Lars Krog (Stockholm)
@bob Kherson fell in the first days of the war. There was no time to think about old bones. Now that the Ukrainians really have a bone to pick with the Russians. They probably wish they had.
Gary V. (Oakland, CA)
"Russian forces have destroyed and systematically looted Ukrainian treasures, including Ukrainian Orthodox churches, national monuments and cultural heritage sites. They sent specialists to abscond with gold antiquities from the Scythian culture dating back 2,300 years." Of course they will plunder. They are just following the leadership of the fascist leader, Putin. The man who made Russia into a kleptocracy and is rumored to have plundered state assets worth $200 Billion or more and surrounded himself with oligarchs who have also followed his lead. There are also reports on why the military has been under performing in both materiel and personnel. The leadership again followed Putin's lead and diverted training and equipment maintenance funds to their bank accounts. Pitiful.

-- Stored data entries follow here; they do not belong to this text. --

lemma uniformly_continuous_on_Times_equicontinuous:
  fixes f :: "'a::metric_space \<times> 'b::metric_space \<Rightarrow> 'c::metric_space"
  assumes "uniformly_continuous_on (A \<times> X) f" and "e > 0"
  obtains \<delta> where "\<delta> > 0"
    and "\<And>x p q. x \<in> A \<Longrightarrow> p \<in> X \<Longrightarrow> q \<in> X \<Longrightarrow> dist p q < \<delta> \<Longrightarrow> dist (f (x, p)) (f (x, q)) < e"
proof -
  obtain \<delta> where "\<delta> > 0"
    and "\<forall>z\<in>A \<times> X. \<forall>z'\<in>A \<times> X. dist z' z < \<delta> \<longrightarrow> dist (f z') (f z) < e"
    using assms unfolding uniformly_continuous_on_def by metis
  moreover have "dist (x, p) (x, q) = dist p q" for x :: 'a and p q :: 'b
    by (simp add: dist_Pair_Pair)
  ultimately show thesis
    by (intro that[of \<delta>]) (auto simp: dist_commute)
qed

lemma empirical_Prob:
  fixes xb :: "nat \<Rightarrow> real^'d" and h :: "real^'d \<Rightarrow> real^'n"
  assumes "N \<ge> 1" and "X \<in> sets borel" and "\<And>j. j \<in> {1..N} \<Longrightarrow> (xb j, h (xb j)) \<in> X"
  shows "empirical N xb h \<in> Prob X"
proof -
  define \<mu> where "\<mu> A = (\<Sum>j\<in>{1..N}. emeasure (return borel (xb j, h (xb j))) A) / of_nat N" for A
  have ca: "countably_additive (sets borel) \<mu>"
    unfolding countably_additive_def
  proof (intro allI impI)
    fix A :: "nat \<Rightarrow> ((real^'d) \<times> (real^'n)) set"
    assume A: "range A \<subseteq> sets borel" "disjoint_family A"
    have "(\<Sum>i. \<mu> (A i)) = (\<Sum>i. \<Sum>j\<in>{1..N}. emeasure (return borel (xb j, h (xb j))) (A i)) / of_nat N"
      unfolding \<mu>_def by (rule ennreal_suminf_divide)
    also have "\<dots> = (\<Sum>j\<in>{1..N}. \<Sum>i. emeasure (return borel (xb j, h (xb j))) (A i)) / of_nat N"
      by (subst suminf_sum) auto
    also have "\<dots> = \<mu> (\<Union> (range A))"
      unfolding \<mu>_def using A by (subst suminf_emeasure) auto
    finally show "(\<Sum>i. \<mu> (A i)) = \<mu> (\<Union> (range A))" .
  qed
  have pos: "positive (sets borel) \<mu>"
    unfolding positive_def \<mu>_def by simp
  have sa: "sigma_algebra UNIV (sets borel)"
    by (metis sets.sigma_algebra_axioms space_borel)
  have emp: "empirical N xb h = measure_of UNIV (sets borel) \<mu>"
    unfolding empirical_def \<mu>_def ..
  have emeasure_emp: "emeasure (empirical N xb h) B = \<mu> B" if "B \<in> sets borel" for B
    unfolding emp using emeasure_measure_of_sigma[OF sa pos ca that] .
  have full: "\<mu> B = 1" if "B \<in> sets borel" "X \<subseteq> B" for B
  proof -
    have "\<mu> B = (\<Sum>j\<in>{1..N}. 1) / (of_nat N :: ennreal)"
      unfolding \<mu>_def using that assms(3)
      by (intro arg_cong2[where f="(/)"] sum.cong) (auto simp: subset_iff)
    also have "\<dots> = 1"
      using assms(1) by (simp add: of_nat_less_top)
    finally show ?thesis .
  qed
  have "sets (empirical N xb h) = sets borel"
    unfolding emp by (metis sets_measure_of sets.sigma_sets_eq space_borel sets.space_closed)
  moreover have "space (empirical N xb h) = UNIV"
    unfolding emp by (simp add: space_measure_of_conv)
  then have "prob_space (empirical N xb h)"
    by (intro prob_spaceI) (simp add: emeasure_emp full)
  moreover have "emeasure (empirical N xb h) X = 1"
    using assms(2) by (simp add: emeasure_emp full)
  ultimately show ?thesis
    unfolding Prob_def by blast
qed

lemma Prob_AE_mem:
  assumes "\<nu> \<in> Prob X"
  shows "AE p in \<nu>. p \<in> X"
  using assms prob_space.AE_prob_1[of \<nu> X] by (simp add: Prob_def measure_def)

lemma Prob_integrable:
  fixes f :: "'a::topological_space \<Rightarrow> 'b::{banach, second_countable_topology}"
  assumes "\<nu> \<in> Prob X" and "f \<in> borel_measurable borel" and "\<And>p. p \<in> X \<Longrightarrow> norm (f p) \<le> B"
  shows "integrable \<nu> f"
proof -
  have "sets \<nu> = sets borel" "prob_space \<nu>"
    using assms(1) unfolding Prob_def by auto
  have "AE p in \<nu>. norm (f p) \<le> B"
    using Prob_AE_mem[OF assms(1)] assms(3) by (simp add: eventually_mono)
  moreover have "f \<in> borel_measurable \<nu>"
    using assms(2) by (simp add: measurable_cong_sets[OF \<open>sets \<nu> = sets borel\<close> refl])
  ultimately show ?thesis
    by (rule finite_measure.integrable_const_bound[OF prob_space.finite_measure[OF \<open>prob_space \<nu>\<close>]])
qed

Maureen O'Brien (Long Island, NY)
@Gary V. Plunder and loot was one of the reasons they invaded. Despicable bunch.
Dr. Rick Sjoquist (Seoul, ROK)
No difference between communism and fascism other than its ideological symbolism. Both plunder for their own narrow and twisted purposes what is good and uplifting in society. Putin just happens to embody both dystopias.